Внутри меня съехало что-то, и еще одна деталь сошлась — история моя, персональная, становилась все менее уникальной, на глазах таяла она в общую на всех розовую слизь. Есть, оказывается, и другие истории, которые похожи на мою, личную. Сидит такая Снегурочка на плетеном диванчике на своей большой и светлой кухне, смотрит на него, заросшего, наверное, щетиной. Может быть, чай с ним пьет, или кофе, или хлебает вино. Руки ее заняты чем-то, неважно чем, она смотрит на него, ждет от него чего-то, они разговаривают; он вежлив, и она тоже; они сосуществуют по правилам, как приличные, друг от друга на расстоянии вытянутой руки. У них, наверное, секс, у них, наверное, какие-то приятные совместные дела, они встречаются, расходятся, снова встречаются; не видит он, не хочет видеть, как белеет она лицом, как превращается молодая тонкая женщина в однотонную снегурочку; не видит он, не хочет видеть, что она смотрит на него, а видит большую глухую высокую стену; она царапает ее, невидимую, из-под ногтей кровь хлещет; пальцы незримы, преграда воображаемая, а кровь хлещет-хлещет-хлещет; кровь не видна, а лицо бледнеет, как от большой кровопотери.
— Ты не болеешь? — спрашиваю я.
— Нет, я здорова. Я вообще свое тело чувствовать перестала. Будто под наркозом. Ничего не болит, ну, совершенно, — говорит Ева, доедая мороженое.
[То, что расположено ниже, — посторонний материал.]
(* Assume $\mathbf 1\in\Sigma^\circ$. Let $\mathbf x\in(\Sigma^* )^\circ$ be any vector for which $\mathbf 1\in\mathcal P(\mathbf x)^\circ$, and let $r\in(0,1/2]$. Then for every polynomial $\mathbf t\in\mathcal V$, the inclusion $\mathbf x\in\mathcal C(\mathbf t+c\mathbf 1)$ holds for every sufficiently large scalar $c$. Specifically, if $\mathbf x_1$ is the gradient certificate of $\mathbf 1$ and $\mathbf y_c$ is the gradient certificate of $\mathbf t+c\mathbf 1$, then $\mathbf x_1\in\mathcal C(\mathbf t+c\mathbf 1)$ and \[ \|c^{-1}\mathbf x_1-\mathbf y_c\|_{c^{-1}\mathbf x_1}\le r \] hold for every $c>0$ with $c\ge \frac{1+r}{r}\|\mathbf t\|^*_{\mathbf x_1}$.
   Context: Fix nonzero real polynomials $g_1,\dots,g_m$ in $n$ variables and nonnegative integers $d_1,\dots,d_m$. Let $\mathcal V$ be the real vector space of polynomials $\sum_{i=1}^m g_i r_i$ with $\deg r_i\le 2d_i$, and $\Sigma\subseteq\mathcal V$ the cone of weighted sums of squares $\sum_i g_i\sigma_i$ with each $\sigma_i$ a sum of squares of polynomials of degree at most $d_i$; assume $\Sigma$ is a proper cone. Fix a basis $\mathbf q=(q_1,\dots,q_U)$ of $\mathcal V$, identify $\mathcal V$ and its dual with $\mathbb R^U$ with the standard inner product and Euclidean norm $\|\cdot\|$; $\Sigma^*$ is the dual cone, $K^\circ$ the interior of $K$; $\mathbf 1$ is the coefficient vector of the constant polynomial $1$. For each $i$ fix a basis $\mathbf p_i$ (of size $L_i$) of polynomials of degree at most $d_i$ and let $\Lambda_i:\mathbb R^U\to\mathbb S^{L_i}$ be the unique linear map with $\sum_u q_u\Lambda_i(\mathbf e_u)=g_i\mathbf p_i\mathbf p_i^T$; $\Lambda=\Lambda_1\oplus\cdots\oplus\Lambda_m$ (block diagonal), $\Lambda^*$ its adjoint. Then $(\Sigma^* )^\circ=\{\mathbf x:\Lambda(\mathbf x)\succ0\}$ and $\Sigma^*=\{\mathbf x:\Lambda(\mathbf x)\succeq0\}$. On $(\Sigma^* )^\circ$ let $f(\mathbf x)=-\ln\det\Lambda(\mathbf x)$, with gradient $g(\mathbf x)=-\Lambda^*(\Lambda(\mathbf x)^{-1})$ and Hessian $H(\mathbf x)\mathbf w=\Lambda^*(\Lambda(\mathbf x)^{-1}\Lambda(\mathbf w)\Lambda(\mathbf x)^{-1})$, positive definite. Local norm $\|\mathbf v\|_{\mathbf x}=\|H(\mathbf x)^{1/2}\mathbf v\|$, dual local norm $\|\mathbf s\|^*_{\mathbf x}=\|H(\mathbf x)^{-1/2}\mathbf s\|$. For $\mathbf s\in\mathcal V$, $\mathcal C(\mathbf s)=\{\mathbf x\in(\Sigma^* )^\circ:H(\mathbf x)^{-1}\mathbf s\in\Sigma^*\}$ (dual certificates of $\mathbf s$); for $\mathbf x\in(\Sigma^* )^\circ$, $\mathcal P(\mathbf x)=\{\mathbf s\in\Sigma:H(\mathbf x)^{-1}\mathbf s\in\Sigma^*\}$, and $\mathcal P(\mathbf x)^\circ$ its interior. For $\mathbf s\in\Sigma^\circ$, the gradient certificate of $\mathbf s$ is the unique $\mathbf y\in(\Sigma^* )^\circ$ with $-g(\mathbf y)=\mathbf s$. *)

theory Defs
  imports "HOL-Analysis.Analysis" "HOL-Library.Poly_Mapping"
begin

type_synonym 'v mpoly = "('v \<Rightarrow>\<^sub>0 nat) \<Rightarrow>\<^sub>0 real"

definition mon_deg :: "('v \<Rightarrow>\<^sub>0 nat) \<Rightarrow> nat" where
  "mon_deg m = (\<Sum>v\<in>Poly_Mapping.keys m. Poly_Mapping.lookup m v)"

text \<open>degree at most d (the zero polynomial has degree at most every d)\<close>
definition deg_le :: "nat \<Rightarrow> 'v mpoly \<Rightarrow> bool" where
  "deg_le d p \<longleftrightarrow> (\<forall>m\<in>Poly_Mapping.keys p. mon_deg m \<le> d)"

definition smult_mp :: "real \<Rightarrow> 'v mpoly \<Rightarrow> 'v mpoly" where
  "smult_mp a p = Poly_Mapping.map (\<lambda>c. a * c) p"

definition const_mp :: "real \<Rightarrow> 'v mpoly" where
  "const_mp a = Poly_Mapping.single 0 a"

definition sos_le :: "nat \<Rightarrow> 'v mpoly \<Rightarrow> bool" where
  "sos_le d s \<longleftrightarrow> (\<exists>hs. (\<forall>h\<in>set hs. deg_le d h) \<and> s = sum_list (map (\<lambda>h. h * h) hs))"

definition Vspace :: "('i::finite \<Rightarrow> 'v mpoly) \<Rightarrow> ('i \<Rightarrow> nat) \<Rightarrow> 'v mpoly set" where
  "Vspace g d = {(\<Sum>i\<in>UNIV. g i * r i) | r. \<forall>i. deg_le (2 * d i) (r i)}"

definition WSOS :: "('i::finite \<Rightarrow> 'v mpoly) \<Rightarrow> ('i \<Rightarrow> nat) \<Rightarrow> 'v mpoly set" where
  "WSOS g d = {(\<Sum>i\<in>UNIV. g i * \<sigma> i) | \<sigma>. \<forall>i. sos_le (d i) (\<sigma> i)}"

definition is_basis_of :: "('k \<Rightarrow> 'v mpoly) \<Rightarrow> 'k set \<Rightarrow> 'v mpoly set \<Rightarrow> bool" where
  "is_basis_of b K S \<longleftrightarrow> finite K \<and>
     (\<forall>a. (\<Sum>k\<in>K. smult_mp (a k) (b k)) = 0 \<longrightarrow> (\<forall>k\<in>K. a k = 0)) \<and>
     S = {(\<Sum>k\<in>K. smult_mp (a k) (b k)) | a. True}"

definition coordv :: "('u::finite \<Rightarrow> 'v mpoly) \<Rightarrow> 'v mpoly \<Rightarrow> real^'u" where
  "coordv q s = (THE x. (\<Sum>u\<in>UNIV. smult_mp (x $ u) (q u)) = s)"

definition proper_cone :: "('a::euclidean_space) set \<Rightarrow> bool" where
  "proper_cone K \<longleftrightarrow> cone K \<and> convex K \<and> closed K \<and> interior K \<noteq> {} \<and>
     (\<forall>x. x \<in> K \<and> - x \<in> K \<longrightarrow> x = 0)"

definition dual_cone :: "(real^'u) set \<Rightarrow> (real^'u) set" where
  "dual_cone K = {x. \<forall>s\<in>K. 0 \<le> x \<bullet> s}"

text \<open>The setup: basis q of V indexed by 'u; the union of all bases p_i indexed by 'k,
  where blk k says to which block i the basis polynomial p k belongs.\<close>

definition LamM :: "('u::finite \<Rightarrow> 'v mpoly) \<Rightarrow> ('i \<Rightarrow> 'v mpoly) \<Rightarrow> ('k::finite \<Rightarrow> 'i)
     \<Rightarrow> ('k \<Rightarrow> 'v mpoly) \<Rightarrow> real^'u \<Rightarrow> real^'k^'k" where
  "LamM q g blk p x = (\<chi> k l. if blk k = blk l
      then (\<Sum>u\<in>UNIV. x $ u * coordv q (g (blk k) * p k * p l) $ u) else 0)"

definition LamAdj :: "('u::finite \<Rightarrow> 'v mpoly) \<Rightarrow> ('i \<Rightarrow> 'v mpoly) \<Rightarrow> ('k::finite \<Rightarrow> 'i)
     \<Rightarrow> ('k \<Rightarrow> 'v mpoly) \<Rightarrow> real^'k^'k \<Rightarrow> real^'u" where
  "LamAdj q g blk p S = (\<chi> u. \<Sum>k\<in>UNIV. \<Sum>l\<in>UNIV. S $ k $ l * LamM q g blk p (axis u 1) $ k $ l)"

text \<open>gradient of f(x) = - ln det Lambda(x)\<close>
definition gradf where
  "gradf q g blk p x = - LamAdj q g blk p (matrix_inv (LamM q g blk p x))"

definition hessf where
  "hessf q g blk p x w = LamAdj q g blk p
     (matrix_inv (LamM q g blk p x) ** LamM q g blk p w ** matrix_inv (LamM q g blk p x))"

definition hessM where
  "hessM q g blk p x = (\<chi> u v. hessf q g blk p x (axis v 1) $ u)"

definition hess_inv_app where
  "hess_inv_app q g blk p x s = matrix_inv (hessM q g blk p x) *v s"

definition lnorm where
  "lnorm q g blk p x v = sqrt (v \<bullet> (hessM q g blk p x *v v))"

definition dnorm where
  "dnorm q g blk p x s = sqrt (s \<bullet> hess_inv_app q g blk p x s)"

definition SigmaC where
  "SigmaC q g d = coordv q ` WSOS g d"

definition SigmaD where
  "SigmaD q g d = dual_cone (SigmaC q g d)"

definition certs where
  "certs q g d blk p s = {x \<in> interior (SigmaD q g d). hess_inv_app q g blk p x s \<in> SigmaD q g d}"

definition Pset where
  "Pset q g d blk p x = {s \<in> SigmaC q g d. hess_inv_app q g blk p x s \<in> SigmaD q g d}"

definition grad_cert where
  "grad_cert q g d blk p s = (THE y. y \<in> interior (SigmaD q g d) \<and> - gradf q g blk p y = s)"

end

theory Submission
  imports Defs "HOL-Homology.Invariance_of_Domain"
begin

(*
  Sigma* is the preimage of the
  positive semidefinite cone under Lambda and its interior is the preimage of the positive
  definite cone; as Sigma is proper, Lambda is injective, so Lambda* is onto and maps positive
  definite matrices into the interior of Sigma.

  Gradient certificates exist because y |-> -g(y) = Lambda*(Lambda(y)^-1) maps the interior of
  Sigma* bijectively onto the interior of Sigma: it is injective by the self-concordance estimate
  <g(y) - g(x), y - x> >= d^2 / (1 + d) with d = ||y - x||_x, its image is open by invariance of
  domain, and the image is relatively closed because <-g(y), y> is constant while -g blows up at
  the boundary of Sigma*.

  From H(x1) x1 = -g(x1) = 1 we get H(x1)^-1 (t + c 1) = c x1 + H(x1)^-1 t, a point of the Dikin
  ellipsoid around c x1 as soon as ||t||*_x1 < c; so x1 certifies t + c 1.  Since
  H(x1/c) = c^2 H(x1) and -g(x1/c) = c 1, the self-concordance estimate at x1/c bounds the
  distance to the gradient certificate of t + c 1.  The first claim only needs 1 + t/c in P(x)
  for large c.
*)

section \<open>Positive definite matrices\<close>

definition outer_prod :: "real^'k \<Rightarrow> real^'k \<Rightarrow> real^'k^'k" where
  "outer_prod v w = (\<chi> i j. v$i * w$j)"

definition quad_form :: "real^'k^'k \<Rightarrow> real^'k \<Rightarrow> real" where
  "quad_form M a = a \<bullet> (M *v a)"

definition psd_matrix :: "real^'k^'k \<Rightarrow> bool" where
  "psd_matrix M \<longleftrightarrow> (\<forall>a. 0 \<le> quad_form M a)"

definition pd_matrix :: "real^'k^'k \<Rightarrow> bool" where
  "pd_matrix M \<longleftrightarrow> (\<forall>a. a \<noteq> 0 \<longrightarrow> 0 < quad_form M a)"

definition symmetric_matrix :: "real^'k^'k \<Rightarrow> bool" where
  "symmetric_matrix M \<longleftrightarrow> transpose M = M"

lemma inner_matrix_eq_sum: "(M::real^'k^'k) \<bullet> N = (\<Sum>i\<in>UNIV. \<Sum>j\<in>UNIV. M$i$j * N$i$j)"
  by (simp add: inner_vec_def)

lemma inner_matrix_vector_mult_eq_sum:
  "a \<bullet> ((M::real^'k^'k) *v b) = (\<Sum>i\<in>UNIV. \<Sum>j\<in>UNIV. a$i * M$i$j * b$j)"
  by (simp add: inner_vec_def matrix_vector_mult_def sum_distrib_left mult.assoc)

lemma inner_outer_prod: "M \<bullet> outer_prod v w = v \<bullet> (M *v w)"
  by (simp add: inner_matrix_eq_sum inner_matrix_vector_mult_eq_sum outer_prod_def mult_ac)

lemma outer_prod_mult_vector: "outer_prod v w *v a = (w \<bullet> a) *\<^sub>R v"
  by (simp add: vec_eq_iff outer_prod_def matrix_vector_mult_def inner_vec_def sum_distrib_left
      mult_ac)

lemma outer_prod_scaleR_left [simp]: "outer_prod ((c::real) *\<^sub>R v) w = c *\<^sub>R outer_prod v w"
  by (simp add: vec_eq_iff outer_prod_def mult_ac)

lemma outer_prod_scaleR_right [simp]: "outer_prod v ((c::real) *\<^sub>R w) = c *\<^sub>R outer_prod v w"
  by (simp add: vec_eq_iff outer_prod_def mult_ac)

lemma transpose_outer_prod [simp]: "transpose (outer_prod v w) = outer_prod w v"
  by (simp add: vec_eq_iff outer_prod_def transpose_def mult.commute)

lemma quad_form_outer_prod: "quad_form (outer_prod v v) a = (v \<bullet> a)^2"
  by (simp add: quad_form_def outer_prod_mult_vector power2_eq_square inner_commute)

lemma scaleR_matrix_vector_mult [simp]: "((c::real) *\<^sub>R (M::real^'k^'k)) *v x = c *\<^sub>R (M *v x)"
  by (simp add: vec_eq_iff matrix_vector_mult_def sum_distrib_left mult.assoc)

lemma inner_matrix_vector_mult_transpose: "a \<bullet> ((M::real^'k^'k) *v b) = (transpose M *v a) \<bullet> b"
  by (metis dot_lmul_matrix transpose_matrix_vector)

lemma symmetric_matrix_transpose: "symmetric_matrix A \<Longrightarrow> transpose A = A"
  by (simp add: symmetric_matrix_def)

lemma symmetric_matrix_inner_commute:
  "symmetric_matrix M \<Longrightarrow> a \<bullet> (M *v b) = b \<bullet> (M *v a)"
  by (metis inner_commute inner_matrix_vector_mult_transpose symmetric_matrix_def)

lemma symmetric_matrix_diff: "symmetric_matrix A \<Longrightarrow> symmetric_matrix B \<Longrightarrow> symmetric_matrix (A - B)"
  and symmetric_matrix_scaleR: "symmetric_matrix A \<Longrightarrow> symmetric_matrix (c *\<^sub>R A)"
  by (simp_all add: symmetric_matrix_def transpose_def vec_eq_iff)

lemma quad_form_add: "quad_form (A + B) x = quad_form A x + quad_form B x"
  and quad_form_diff: "quad_form (A - B) x = quad_form A x - quad_form B x"
  and quad_form_scaleR: "quad_form (c *\<^sub>R A) x = c * quad_form A x"
  by (simp_all add: quad_form_def matrix_vector_mult_add_rdistrib matrix_vector_mult_diff_rdistrib
      inner_add_right inner_diff_right)

lemma quad_form_add_scaleR:
  "symmetric_matrix M \<Longrightarrow>
   quad_form M (a + t *\<^sub>R b) = quad_form M a + 2*t*(a \<bullet> (M *v b)) + t^2 * quad_form M b"
  unfolding quad_form_def
  by (simp add: matrix_vector_right_distrib matrix_vector_mult_scaleR inner_add_left inner_add_right
      symmetric_matrix_inner_commute[of M b a] power2_eq_square algebra_simps)
(* Let $\eta\in(0,1)$ be a constant. For any integers $k,d,s$ satisfying $s=k^{1-\eta}$ and $k\ge\log d+o(k)+O_\eta(1)$ (in particular, $k\ge 2^{2/\eta}$), every $(k,d,s)$-CNF formula is $\theta$-resilient for some $\theta>0$ depending only on $k$ and $\eta$.
   Context: $\log$ denotes $\log_2$. A $(k,d,s)$-CNF formula $\Phi=(V,\mathcal C)$ is a CNF formula in which every clause contains exactly $k$ distinct variables, every variable appears in at most $d$ clauses, and any two distinct clauses share at most $s$ variables. For a clause $c$ on a set $\mathrm{vbl}(c)$ of $k$ distinct variables, its forbidden assignment is the unique assignment of $\mathrm{vbl}(c)$ violating $c$. $\mu_\Phi$ is the uniform distribution over satisfying assignments of $\Phi$. $\Phi$ is $\theta$-resilient if for every clause $c^*\notin\mathcal C$ on $k$ distinct variables with forbidden assignment $\sigma^*$, $\Pr_{X\sim\mu_\Phi}[X_{\mathrm{vbl}(c^* )}=\sigma^*]$ is either $0$ or at least $\theta$. (The paper writes this conclusion as "$O_{k,\eta}(1)$-resilient".) *)

theory Defs
  imports Complex_Main "HOL-Library.Landau_Symbols" "HOL-Library.FuncSet"
begin

text \<open>A clause is a finite set of literals; a literal (x,b) is satisfied by
  an assignment sigma iff sigma x = b.\<close>
type_synonym 'v clause = "('v \<times> bool) set"

definition vbl :: "'v clause \<Rightarrow> 'v set" where
  "vbl c = fst ` c"

text \<open>A clause on exactly k distinct variables (no repeated / complementary literals).\<close>
definition is_clause :: "nat \<Rightarrow> 'v clause \<Rightarrow> bool" where
  "is_clause k c \<longleftrightarrow> finite c \<and> card c = k \<and> card (vbl c) = k"

definition satisfies :: "('v \<Rightarrow> bool) \<Rightarrow> 'v clause \<Rightarrow> bool" where
  "satisfies \<sigma> c \<longleftrightarrow> (\<exists>(x,b)\<in>c. \<sigma> x = b)"

definition hits_forbidden :: "('v \<Rightarrow> bool) \<Rightarrow> 'v clause \<Rightarrow> bool" where
  "hits_forbidden \<sigma> c \<longleftrightarrow> (\<forall>(x,b)\<in>c. \<sigma> x \<noteq> b)"

definition kds_CNF :: "nat \<Rightarrow> nat \<Rightarrow> nat \<Rightarrow> 'v set \<Rightarrow> 'v clause set \<Rightarrow> bool" where
  "kds_CNF k d s V C \<longleftrightarrow>
     finite V \<and> finite C \<and>
     (\<forall>c\<in>C. is_clause k c \<and> vbl c \<subseteq> V) \<and>
     (\<forall>x\<in>V. card {c\<in>C. x \<in> vbl c} \<le> d) \<and>
     (\<forall>c1\<in>C. \<forall>c2\<in>C. c1 \<noteq> c2 \<longrightarrow> card (vbl c1 \<inter> vbl c2) \<le> s)"

definition assignments :: "'v set \<Rightarrow> ('v \<Rightarrow> bool) set" where
  "assignments V = (V \<rightarrow>\<^sub>E (UNIV :: bool set))"

definition sat_assignments :: "'v set \<Rightarrow> 'v clause set \<Rightarrow> ('v \<Rightarrow> bool) set" where
  "sat_assignments V C = {\<sigma> \<in> assignments V. \<forall>c\<in>C. satisfies \<sigma> c}"

definition prob_forbidden :: "'v set \<Rightarrow> 'v clause set \<Rightarrow> 'v clause \<Rightarrow> real" where
  "prob_forbidden V C c =
     real (card {\<sigma> \<in> sat_assignments V C. hits_forbidden \<sigma> c}) / real (card (sat_assignments V C))"

definition resilient :: "real \<Rightarrow> nat \<Rightarrow> 'v set \<Rightarrow> 'v clause set \<Rightarrow> bool" where
  "resilient \<theta> k V C \<longleftrightarrow>
     (\<forall>c. is_clause k c \<and> vbl c \<subseteq> V \<and> c \<notin> C \<longrightarrow>
        prob_forbidden V C c = 0 \<or> prob_forbidden V C c \<ge> \<theta>)"

end

theory Submission
  imports Defs "HOL-Real_Asymp.Real_Asymp"
begin

text \<open>Let \<open>c\<close> be a clause outside the formula whose forbidden assignment is hit by some satisfying
  assignment \<open>\<rho>\<close>. Enlarge \<open>vbl c\<close> to a set \<open>U\<close> by the variables of the clauses meeting \<open>vbl c\<close>
  in more than about \<open>k\<^bsup>1-\<eta>/2\<^esup>\<close> variables; since two clauses share at most
  \<open>s \<le> k\<^bsup>1-\<eta>\<^esup>\<close> variables there are fewer than \<open>k\<^bsup>\<eta>/2\<^esup>\<close> of these, so \<open>|U| \<le> k + k\<^sup>2\<close>, while
  every other clause keeps \<open>k - O(k\<^bsup>1-\<eta>/2\<^esup>)\<close> variables outside \<open>U\<close>. Fix \<open>\<rho>\<close> on \<open>U\<close>: the
  clauses it does not satisfy there shrink to residual clauses that are still long, and a
  counting form of the Lovasz Local Lemma shows that at least a fraction
  \<open>2\<^bsup>-|U|\<^esup> (1 - x)\<^bsup>|U| d\<^esup>\<close> of all satisfying assignments agree with \<open>\<rho>\<close> on \<open>U\<close>, hence hit the
  forbidden assignment of \<open>c\<close>. As \<open>d \<le> 2\<^sup>k\<close>, this fraction depends on \<open>k\<close> only.\<close>

section \<open>Counting assignments\<close>

lemma finite_assignments: "finite V \<Longrightarrow> finite (assignments V)"
  unfolding assignments_def by (simp add: finite_PiE)

lemma finite_sat_assignments: "finite V \<Longrightarrow> finite (sat_assignments V Cs)"
  unfolding sat_assignments_def by (simp add: finite_assignments)

lemma hits_forbidden_iff_not_satisfies: "hits_forbidden \<sigma> c \<longleftrightarrow> \<not> satisfies \<sigma> c"
  unfolding hits_forbidden_def satisfies_def by auto

definition ignores :: "(('v \<Rightarrow> bool) \<Rightarrow> bool) \<Rightarrow> 'v set \<Rightarrow> bool" where
  "ignores P R \<longleftrightarrow> (\<forall>\<sigma> \<sigma>'. (\<forall>x. x \<notin> R \<longrightarrow> \<sigma> x = \<sigma>' x) \<longrightarrow> P \<sigma> = P \<sigma>')"

lemma ignores_subset: "ignores P R \<Longrightarrow> R' \<subseteq> R \<Longrightarrow> ignores P R'"
  unfolding ignores_def by blast

lemma ignores_conj: "ignores P R \<Longrightarrow> ignores Q R \<Longrightarrow> ignores (\<lambda>\<sigma>. P \<sigma> \<and> Q \<sigma>) R"
  unfolding ignores_def by blast

lemma ignores_hits_forbidden: "vbl L \<inter> R = {} \<Longrightarrow> ignores (\<lambda>\<sigma>. hits_forbidden \<sigma> L) R"
  unfolding ignores_def hits_forbidden_def vbl_def by fastforce

definition partial_assignment :: "'v set \<Rightarrow> 'v clause \<Rightarrow> bool" where
  "partial_assignment V L \<longleftrightarrow> finite L \<and> inj_on fst L \<and> vbl L \<subseteq> V"

lemma partial_assignment_subset:
  "partial_assignment V L \<Longrightarrow> L' \<subseteq> L \<Longrightarrow> partial_assignment V L'"
  unfolding partial_assignment_def vbl_def by (auto intro: finite_subset inj_on_subset)

lemma partial_assignment_clause: "is_clause k c \<Longrightarrow> vbl c \<subseteq> V \<Longrightarrow> partial_assignment V c"
  unfolding is_clause_def partial_assignment_def vbl_def by (auto intro: eq_card_imp_inj_on)

definition count_assignments :: "'v set \<Rightarrow> (('v \<Rightarrow> bool) \<Rightarrow> bool) \<Rightarrow> real" where
  "count_assignments V P = real (card {\<sigma> \<in> assignments V. P \<sigma>})"

lemma count_assignments_split:
  assumes "finite V"
  shows "count_assignments V P
    = count_assignments V (\<lambda>\<sigma>. P \<sigma> \<and> Q \<sigma>) + count_assignments V (\<lambda>\<sigma>. P \<sigma> \<and> \<not> Q \<sigma>)"
proof -
  have "{\<sigma> \<in> assignments V. P \<sigma>} =
      {\<sigma> \<in> assignments V. P \<sigma> \<and> Q \<sigma>} \<union> {\<sigma> \<in> assignments V. P \<sigma> \<and> \<not> Q \<sigma>}"
    by blast
  then show ?thesis
    unfolding count_assignments_def using finite_assignments[OF assms]
    by (simp add: card_Un_disjoint disjoint_iff)
qed

lemma count_assignments_mono:
  assumes "finite V" "\<And>\<sigma>. P \<sigma> \<Longrightarrow> Q \<sigma>"
  shows "count_assignments V P \<le> count_assignments V Q"
  unfolding count_assignments_def using assms finite_assignments[OF assms(1)]
  by (intro of_nat_mono card_mono) auto

lemma count_assignments_flip:
  assumes "v \<in> V" "ignores H {v}"
  shows "count_assignments V (\<lambda>\<sigma>. H \<sigma> \<and> \<sigma> v = b) = count_assignments V (\<lambda>\<sigma>. H \<sigma> \<and> \<sigma> v \<noteq> b)"
proof -
  define flip where "flip \<sigma> = \<sigma>(v := \<not> \<sigma> v)" for \<sigma> :: "'a \<Rightarrow> bool"
  have "H (flip \<sigma>) = H \<sigma>" for \<sigma>
    using assms(2) unfolding ignores_def flip_def by simp
  moreover have "\<sigma> \<in> assignments V \<Longrightarrow> flip \<sigma> \<in> assignments V" for \<sigma>
    using assms(1) unfolding assignments_def flip_def by (auto simp: PiE_def extensional_def)
  moreover have "flip (flip \<sigma>) = \<sigma>" and "flip \<sigma> v = (\<not> \<sigma> v)" for \<sigma>
    unfolding flip_def by auto
  ultimately have "bij_betw flip {\<sigma> \<in> assignments V. H \<sigma> \<and> \<sigma> v = b}
      {\<sigma> \<in> assignments V. H \<sigma> \<and> \<sigma> v \<noteq> b}"
    by (intro bij_betw_byWitness[where f' = flip]) auto
  then show ?thesis
    unfolding count_assignments_def by (simp add: bij_betw_same_card)
qed

lemma count_assignments_hits_forbidden:
  assumes "finite V" "partial_assignment V L" "ignores H (vbl L)"
  shows "count_assignments V (\<lambda>\<sigma>. H \<sigma> \<and> hits_forbidden \<sigma> L) * 2 ^ card L = count_assignments V H"
proof -
  have "finite L" using assms(2) unfolding partial_assignment_def by simp
  then show ?thesis using assms(2,3)
  proof (induction L arbitrary: H rule: finite_induct)
    case empty
    then show ?case by (simp add: hits_forbidden_def)
  next
    case (insert l L)
    obtain v b where l: "l = (v, b)" by force
    have inj: "inj_on fst (insert (v, b) L)"
      using insert.prems(1) unfolding l partial_assignment_def by simp
    have "v \<notin> vbl L"
    proof
      assume "v \<in> vbl L"
      then obtain b' where "(v, b') \<in> L" unfolding vbl_def by force
      then have "(v, b') = (v, b)" by (intro inj_onD[OF inj]) auto
      with \<open>(v, b') \<in> L\<close> insert.hyps(2) show False unfolding l by simp
    qed
    moreover have "v \<in> V"
      using insert.prems(1) unfolding l partial_assignment_def vbl_def by auto
    moreover have "ignores H {v}"
      using insert.prems(2) by (rule ignores_subset) (simp add: l vbl_def)
    ultimately have flip: "count_assignments V (\<lambda>\<sigma>. (H \<sigma> \<and> hits_forbidden \<sigma> L) \<and> \<sigma> v = b)
        = count_assignments V (\<lambda>\<sigma>. (H \<sigma> \<and> hits_forbidden \<sigma> L) \<and> \<sigma> v \<noteq> b)"
      by (intro count_assignments_flip ignores_conj ignores_hits_forbidden) auto
    have hits: "hits_forbidden \<sigma> (insert l L) \<longleftrightarrow> hits_forbidden \<sigma> L \<and> \<sigma> v \<noteq> b" for \<sigma>
      unfolding l hits_forbidden_def by auto
    have IH: "count_assignments V (\<lambda>\<sigma>. H \<sigma> \<and> hits_forbidden \<sigma> L) * 2 ^ card L
        = count_assignments V H"
    proof (rule insert.IH)
      show "partial_assignment V L"
        using insert.prems(1) by (rule partial_assignment_subset) blast
      show "ignores H (vbl L)"
        using insert.prems(2) by (rule ignores_subset) (auto simp: vbl_def)
    qed
    have "count_assignments V (\<lambda>\<sigma>. H \<sigma> \<and> hits_forbidden \<sigma> L)
        = 2 * count_assignments V (\<lambda>\<sigma>. H \<sigma> \<and> hits_forbidden \<sigma> (insert l L))"
      using count_assignments_split[OF assms(1),
          of "\<lambda>\<sigma>. H \<sigma> \<and> hits_forbidden \<sigma> L" "\<lambda>\<sigma>. \<sigma> v = b"] flip
      by (simp add: hits conj_assoc)
    then show ?case
      using IH insert.hyps by simp
  qed
qed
Шарики в моей вазочке, растеклись в лужицу, отчетливей распустив свой душистый яблочный вкус. Я вылакал жижу, просто приставив стеклянную вазочку ко рту. В жидком виде мне мороженое нравится больше. Оно не обжигает, и зубы от него не болят.
— Это жестокость, конечно, — говорит Ева, продолжая свою какую-то важную мысль, которую она беспрестанно думает. — Но он ни при чем. Он же не может поставить себя на мое место. Он и представить себе не может, каково мне…
— Знаю, — говорю я. — Он по другим законам живет. Он не плывет, а ходит по земле. А ты плывешь. Ты хочешь, чтобы вас вместе несло, а он идет, он рядом, по берегу. Мне знакомо такое состояние. Вы рядом, а не вместе.